> _DIRECTIONS FOR THIS TASK_: Using the records below, report how many lines hold "flip", with no extra text.

> _Entries taken from a collection_:
┄┄┄┄┄┄┄┄┄┄┄┄┄┄┄┄┄┄┄┄
(* Let $\mathbb{F}$ be a field and $f\in\mathbb{F}(X)$ of degree $d\ge1$. Write $f^{(k)}=g_k/h_k$ in lowest terms, and let $e,\epsilon,\mu,\nu$ be the smallest positive integers $k$ such that, respectively, $g_k(0)=0$, $h_k(0)=0$, $\deg g_k<\deg h_k$, $\deg g_k>\deg h_k$ (each $\infty$ if no such $k$ exists). If $\min\{\mu,\nu\}<\infty$ set $\delta=|\deg g_{\min\{\mu,\nu\}}-\deg h_{\min\{\mu,\nu\}}|$. Let $S_k$ and $T_k$ denote the multiplicity of $0$ as a root of $g_k$ and of $h_k$ respectively (the degree of the lowest-order term). Then: (i) If $\nu<\mu$, then for every integer $i\ge1$, $\deg g_{i\nu}=d^{i\nu}$ and $\deg h_{i\nu}=d^{i\nu}-\delta^i$; and $\deg g_k=\deg h_k=d^k$ whenever $k\not\equiv0\pmod\nu$. (ii) If $\mu<\nu$ and $\epsilon=e=\infty$, then $\deg g_k=\deg h_k=d^k$ for all $k\ge1$ with $k\ne\mu$. (iii) If $\mu<\nu$ and $e<\epsilon$, write $S=S_e$. Then for $k=ie+\mu$ with $i\ge0$ an integer, $\deg g_k=d^k-\delta S^i$ and $\deg h_k=d^k$; for all other $k\ge1$, $\deg g_k=\deg h_k=d^k$. (iv) If $\mu<\nu$ and $\epsilon<\infty$ (so that $e=\epsilon+\mu$), write $T=T_\epsilon$. Then for every $k\ge1$, $\deg g_{\mu+k}=d^{\mu+k}-\delta S_k$ and $\deg h_{\mu+k}=d^{\mu+k}-\delta T_k$. Moreover, for $k=ie$ with $i\ge1$, $S_k=\delta^iT^i$ and $T_k=0$; for $k=ie+\epsilon$ with $i\ge0$, $T_k=\delta^iT^{i+1}$ and $S_k=0$; and for all other $k\ge1$, $S_k=T_k=0$.
   Context: Rational functions are in lowest terms with $\deg(g/h)=\max\{\deg g,\deg h\}$; iterates $f^{(k)}$ are $k$-fold compositions of $f$. *)

theory Defs
  imports "HOL-Computational_Algebra.Computational_Algebra"
          "HOL-Computational_Algebra.Normalized_Fraction"
          "HOL-Library.Extended_Nat"
begin

text \<open>Rational functions over a field are elements of the fraction field of 'a poly.
  A rational function is written in lowest terms g/h via quot_of_fract
  (g, h coprime, h normalized).\<close>

type_synonym 'a ratfun = "'a poly fract"

definition rnum :: "'a::field_gcd ratfun \<Rightarrow> 'a poly" where
  "rnum f = fst (quot_of_fract f)"

definition rden :: "'a::field_gcd ratfun \<Rightarrow> 'a poly" where
  "rden f = snd (quot_of_fract f)"

definition rdeg :: "'a::field_gcd ratfun \<Rightarrow> nat" where
  "rdeg f = max (degree (rnum f)) (degree (rden f))"

definition rcomp :: "'a::field_gcd ratfun \<Rightarrow> 'a ratfun \<Rightarrow> 'a ratfun" where
  "rcomp f F = poly (map_poly (\<lambda>c. to_fract [:c:]) (rnum f)) F / poly (map_poly (\<lambda>c. to_fract [:c:]) (rden f)) F"

definition riter :: "'a::field_gcd ratfun \<Rightarrow> nat \<Rightarrow> 'a ratfun" where
  "riter f k = (rcomp f ^^ k) (to_fract [:0, 1:])"

definition gk :: "'a::field_gcd ratfun \<Rightarrow> nat \<Rightarrow> 'a poly" where
  "gk f k = rnum (riter f k)"

definition hk :: "'a::field_gcd ratfun \<Rightarrow> nat \<Rightarrow> 'a poly" where
  "hk f k = rden (riter f k)"

definition least_pos :: "(nat \<Rightarrow> bool) \<Rightarrow> enat" where
  "least_pos P = (if \<exists>k>0. P k then enat (LEAST k. 0 < k \<and> P k) else \<infinity>)"

definition e_idx :: "'a::field_gcd ratfun \<Rightarrow> enat" where
  "e_idx f = least_pos (\<lambda>k. poly (gk f k) 0 = 0)"

definition eps_idx :: "'a::field_gcd ratfun \<Rightarrow> enat" where
  "eps_idx f = least_pos (\<lambda>k. poly (hk f k) 0 = 0)"

definition mu_idx :: "'a::field_gcd ratfun \<Rightarrow> enat" where
  "mu_idx f = least_pos (\<lambda>k. degree (gk f k) < degree (hk f k))"

definition nu_idx :: "'a::field_gcd ratfun \<Rightarrow> enat" where
  "nu_idx f = least_pos (\<lambda>k. degree (gk f k) > degree (hk f k))"

text \<open>delta = |deg g_m - deg h_m| with m = min(mu, nu) (meaningful when m is finite).\<close>
definition delta :: "'a::field_gcd ratfun \<Rightarrow> nat" where
  "delta f = (let m = the_enat (min (mu_idx f) (nu_idx f))
              in nat \<bar>int (degree (gk f m)) - int (degree (hk f m))\<bar>)"

definition Sk :: "'a::field_gcd ratfun \<Rightarrow> nat \<Rightarrow> nat" where
  "Sk f k = order 0 (gk f k)"

definition Tk :: "'a::field_gcd ratfun \<Rightarrow> nat \<Rightarrow> nat" where
  "Tk f k = order 0 (hk f k)"

end

theory Submission
  imports Defs
begin

text \<open>
  Write \<open>F = G/H\<close> and \<open>x = g/h\<close> in lowest terms and let \<open>n = deg x\<close>. Then \<open>x(F)\<close> is the
  quotient of the homogenizations \<open>H^n g(G/H)\<close> and \<open>H^n h(G/H)\<close>, which are again coprime, hence
  numerator and denominator of \<open>x(F)\<close> up to a unit. If \<open>deg G \<noteq> deg H\<close>, a single monomial
  \<open>G^i H^(n-i)\<close> dominates the degree of a homogenization; if \<open>G\<close> or \<open>H\<close> vanishes at 0, a single
  monomial dominates its order at 0. Applied to \<open>f^(j+k) = f^(j)(f^(k))\<close>, this yields multiplicative
  laws for the degree defects \<open>d^k - deg g_k\<close>, \<open>d^k - deg h_k\<close> and for the orders \<open>S_k\<close>, \<open>T_k\<close>.
  The four cases follow from these laws alone, by induction along the relevant period.
\<close>

definition const_fract :: "'a::field_gcd \<Rightarrow> 'a ratfun" where
  "const_fract c = to_fract [:c:]"

definition poly_ratfun :: "'a::field_gcd poly \<Rightarrow> 'a ratfun \<Rightarrow> 'a ratfun" where
  "poly_ratfun p F = poly (map_poly const_fract p) F"

lemma const_fract_0 [simp]: "const_fract 0 = 0"
  by (simp add: const_fract_def)

lemma const_fract_1 [simp]: "const_fract 1 = 1"
  by (simp add: const_fract_def one_pCons[symmetric])

lemma const_fract_add [simp]: "const_fract (a + b) = const_fract a + const_fract b"
  unfolding const_fract_def to_fract_add[symmetric] by simp

lemma const_fract_mult [simp]: "const_fract (a * b) = const_fract a * const_fract b"
  by (simp add: const_fract_def flip: to_fract_mult)

lemma const_fract_eq_0_iff [simp]: "const_fract a = 0 \<longleftrightarrow> a = 0"
  by (simp add: const_fract_def)

lemma const_fract_sum: "const_fract (sum f A) = (\<Sum>x\<in>A. const_fract (f x))"
  by (induct A rule: infinite_finite_induct) auto

lemma to_fract_smult: "to_fract (smult c q) = const_fract c * to_fract q"
  by (simp add: const_fract_def flip: to_fract_mult)

lemma to_fract_power [simp]: "to_fract (x ^ n) = to_fract x ^ n"
  by (induct n) auto

lemma poly_ratfun_mult: "poly_ratfun (p * q) F = poly_ratfun p F * poly_ratfun q F"
proof -
  have "map_poly const_fract (p * q) = map_poly const_fract p * map_poly const_fract q"
    by (rule poly_eqI) (simp add: coeff_map_poly coeff_mult const_fract_sum)
  then show ?thesis by (simp add: poly_ratfun_def)
qed

lemma poly_ratfun_add: "poly_ratfun (p + q) F = poly_ratfun p F + poly_ratfun q F"
proof -
  have "map_poly const_fract (p + q) = map_poly const_fract p + map_poly const_fract q"
    by (rule poly_eqI) (simp add: coeff_map_poly)
  then show ?thesis by (simp add: poly_ratfun_def)
qed

lemma poly_ratfun_pCons: "poly_ratfun (pCons a p) F = const_fract a + F * poly_ratfun p F"
  by (simp add: poly_ratfun_def map_poly_pCons)

lemma poly_ratfun_0 [simp]: "poly_ratfun 0 F = 0"
  by (simp add: poly_ratfun_def)

lemma poly_ratfun_const [simp]: "poly_ratfun [:a:] F = const_fract a"
  by (simp add: poly_ratfun_pCons)

lemma poly_ratfun_1 [simp]: "poly_ratfun 1 F = 1"
  by (simp add: poly_ratfun_def)

lemma poly_ratfun_X [simp]: "poly_ratfun [:0, 1:] F = F"
  by (simp add: poly_ratfun_pCons)

lemma poly_ratfun_altdef:
  "degree p \<le> N \<Longrightarrow> poly_ratfun p F = (\<Sum>i\<le>N. const_fract (coeff p i) * F ^ i)"
  unfolding poly_ratfun_def
  by (simp add: poly_altdef degree_map_poly coeff_map_poly, intro sum.mono_neutral_left)
    (auto simp: coeff_eq_0)

lemma rcomp_conv_poly_ratfun: "rcomp x F = poly_ratfun (rnum x) F / poly_ratfun (rden x) F"
  unfolding rcomp_def poly_ratfun_def const_fract_def[abs_def] ..

lemma rnum_rden_eq: "x = to_fract (rnum x) / to_fract (rden x)"
  by (metis Fract_conv_to_fract Fract_quot_of_fract rden_def rnum_def)

lemma rden_nonzero [simp]: "rden x \<noteq> 0"
  by (simp add: rden_def)

lemma coprime_rnum_rden: "coprime (rnum x) (rden x)"
  by (simp add: rnum_def rden_def coprime_quot_of_fract)

lemma degree_rnum_le: "degree (rnum x) \<le> rdeg x"
  by (simp add: rdeg_def)

lemma degree_rden_le: "degree (rden x) \<le> rdeg x"
  by (simp add: rdeg_def)

lemma rnum_nonzero: "rdeg F \<ge> 1 \<Longrightarrow> rnum F \<noteq> 0"
proof
  assume "rdeg F \<ge> 1" "rnum F = 0"
  then have "rden F = 1"
    unfolding rnum_def rden_def using fst_quot_of_fract_0_imp by blast
  with \<open>rdeg F \<ge> 1\<close> \<open>rnum F = 0\<close> show False by (simp add: rdeg_def)
qed

lemma rdeg_ge_1_iff: "rdeg F \<ge> 1 \<longleftrightarrow> degree (rnum F) \<ge> 1 \<or> degree (rden F) \<ge> 1"
  by (auto simp: rdeg_def max_def)

lemma rnum_rden_fraction:
  assumes "coprime A B" "B \<noteq> 0"
  obtains c where "is_unit c" "A = rnum (to_fract A / to_fract B) * c"
    "B = rden (to_fract A / to_fract B) * c"
proof -
  have q: "quot_of_fract (to_fract A / to_fract B) = normalize_quot (A, B)"
    by (simp add: Fract_conv_to_fract[symmetric]
        quot_of_fract_quot_to_fract[of "(A, B)", unfolded quot_to_fract_def, simplified])
  obtain c where c: "A = fst (normalize_quot (A, B)) * c" "B = snd (normalize_quot (A, B)) * c"
      "c dvd A" "c dvd B"
    using normalize_quotE[OF assms(2), of A] by blast
  have "is_unit c" by (rule coprime_common_divisor[OF assms(1) c(3) c(4)])
  with c(1,2) q show ?thesis using that unfolding rnum_def rden_def by auto
qed

lemma coprime_imp_poly_nonzero_at:
  fixes g h :: "'a::field_gcd poly"
  assumes "coprime g h"
  shows "poly g a \<noteq> 0 \<or> poly h a \<noteq> 0"
proof (rule ccontr)
  assume "\<not> ?thesis"
  then have "[:-a, 1:] dvd g" "[:-a, 1:] dvd h" by (simp_all add: poly_eq_0_iff_dvd)
  then have "is_unit [:-a, 1:]" using coprime_common_divisor[OF assms] by blast
  then show False by (simp add: is_unit_iff_degree)
qed

lemma unit_factor_invariants:
  fixes a c :: "'a::field poly"
  assumes "is_unit c" "A = a * c"
  shows "degree A = degree a" "order 0 A = order 0 a"
proof -
  have "c \<noteq> 0" using assms(1) by auto
  then have c: "c \<noteq> 0" "degree c = 0" using assms(1) is_unit_iff_degree by auto
  then have "poly c 0 \<noteq> 0" by (metis leading_coeff_0_iff poly_0_coeff_0)
  with assms c show "degree A = degree a" "order 0 A = order 0 a"
    by (cases "a = 0"; auto simp: degree_mult_eq order_mult order_0I)+
qed

definition homog :: "nat \<Rightarrow> 'a::field_gcd poly \<Rightarrow> 'a poly \<Rightarrow> 'a poly \<Rightarrow> 'a poly" where
  "homog n p G H = (\<Sum>i\<le>n. smult (coeff p i) (G ^ i * H ^ (n - i)))"

lemma poly_ratfun_fraction:
  assumes "degree p \<le> n" "H \<noteq> 0"
  shows "poly_ratfun p (to_fract G / to_fract H) = to_fract (homog n p G H) / to_fract H ^ n"
proof -
  have H: "to_fract H \<noteq> 0" using assms by simp
  have "poly_ratfun p (to_fract G / to_fract H) =
      (\<Sum>i\<le>n. const_fract (coeff p i) * (to_fract G / to_fract H) ^ i)"
    using assms by (simp add: poly_ratfun_altdef)
  also have "\<dots> = (\<Sum>i\<le>n. const_fract (coeff p i) * to_fract G ^ i * to_fract H ^ (n - i) / to_fract H ^ n)"
  proof (rule sum.cong[OF refl])
    fix i assume "i \<in> {..n}"
    then have "to_fract H ^ n = to_fract H ^ i * to_fract H ^ (n - i)"
      by (simp flip: power_add)
    with H show "const_fract (coeff p i) * (to_fract G / to_fract H) ^ i =
        const_fract (coeff p i) * to_fract G ^ i * to_fract H ^ (n - i) / to_fract H ^ n"
      by (simp add: power_divide)
  qed
  also have "\<dots> = to_fract (homog n p G H) / to_fract H ^ n"
    by (simp add: homog_def to_fract_smult sum_divide_distrib mult.assoc)
  finally show ?thesis .
qed

lemma homog_raise:
  assumes "degree p \<le> k" "k \<le> n"
  shows "homog n p G H = H ^ (n - k) * homog k p G H"
proof -
  have "homog n p G H = (\<Sum>i\<le>k. smult (coeff p i) (G ^ i * H ^ (n - i)))"
    unfolding homog_def using assms
    by (intro sum.mono_neutral_right) (auto simp: coeff_eq_0)
  also have "\<dots> = (\<Sum>i\<le>k. H ^ (n - k) * smult (coeff p i) (G ^ i * H ^ (k - i)))"
  proof (rule sum.cong[OF refl])
    fix i assume "i \<in> {..k}"
    with assms have "H ^ (n - i) = H ^ (n - k) * H ^ (k - i)" by (simp flip: power_add)
    then show "smult (coeff p i) (G ^ i * H ^ (n - i)) = H ^ (n - k) * smult (coeff p i) (G ^ i * H ^ (k - i))"
      by (simp add: algebra_simps)
  qed
  also have "\<dots> = H ^ (n - k) * homog k p G H" by (simp add: homog_def sum_distrib_left)
  finally show ?thesis .
qed

lemma homog_split_term:
  assumes "t \<le> n"
  shows "homog n p G H = smult (coeff p t) (G ^ t * H ^ (n - t)) +
    (\<Sum>i\<in>{..n} - {t}. smult (coeff p i) (G ^ i * H ^ (n - i)))"
  unfolding homog_def using assms by (subst sum.remove[of _ t]) auto

lemma homog_congruent_top_term: "H dvd homog n p G H - smult (coeff p n) (G ^ n)"
proof -
  have "homog n p G H - smult (coeff p n) (G ^ n) =
      (\<Sum>i\<in>{..n} - {n}. smult (coeff p i) (G ^ i * H ^ (n - i)))"
    using homog_split_term[of n n p G H] by simp
  also have "H dvd \<dots>"
  proof (rule dvd_sum)
    fix i assume "i \<in> {..n} - {n}"
    then have "n - i = Suc (n - i - 1)" by auto
    then show "H dvd smult (coeff p i) (G ^ i * H ^ (n - i))"
      by (metis dvd_mult dvd_smult dvd_triv_left power_Suc)
  qed
  finally show ?thesis .
qed

lemma degree_monomial_product:
  fixes G H :: "'a::field poly"
  shows "G \<noteq> 0 \<Longrightarrow> H \<noteq> 0 \<Longrightarrow> degree (G ^ i * H ^ (n - i)) = i * degree G + (n - i) * degree H"
  by (simp add: degree_mult_eq degree_power_eq)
┄┄┄┄┄┄┄┄┄┄┄┄┄┄┄┄┄┄┄┄
> _SOLVED EXERCISE_: 4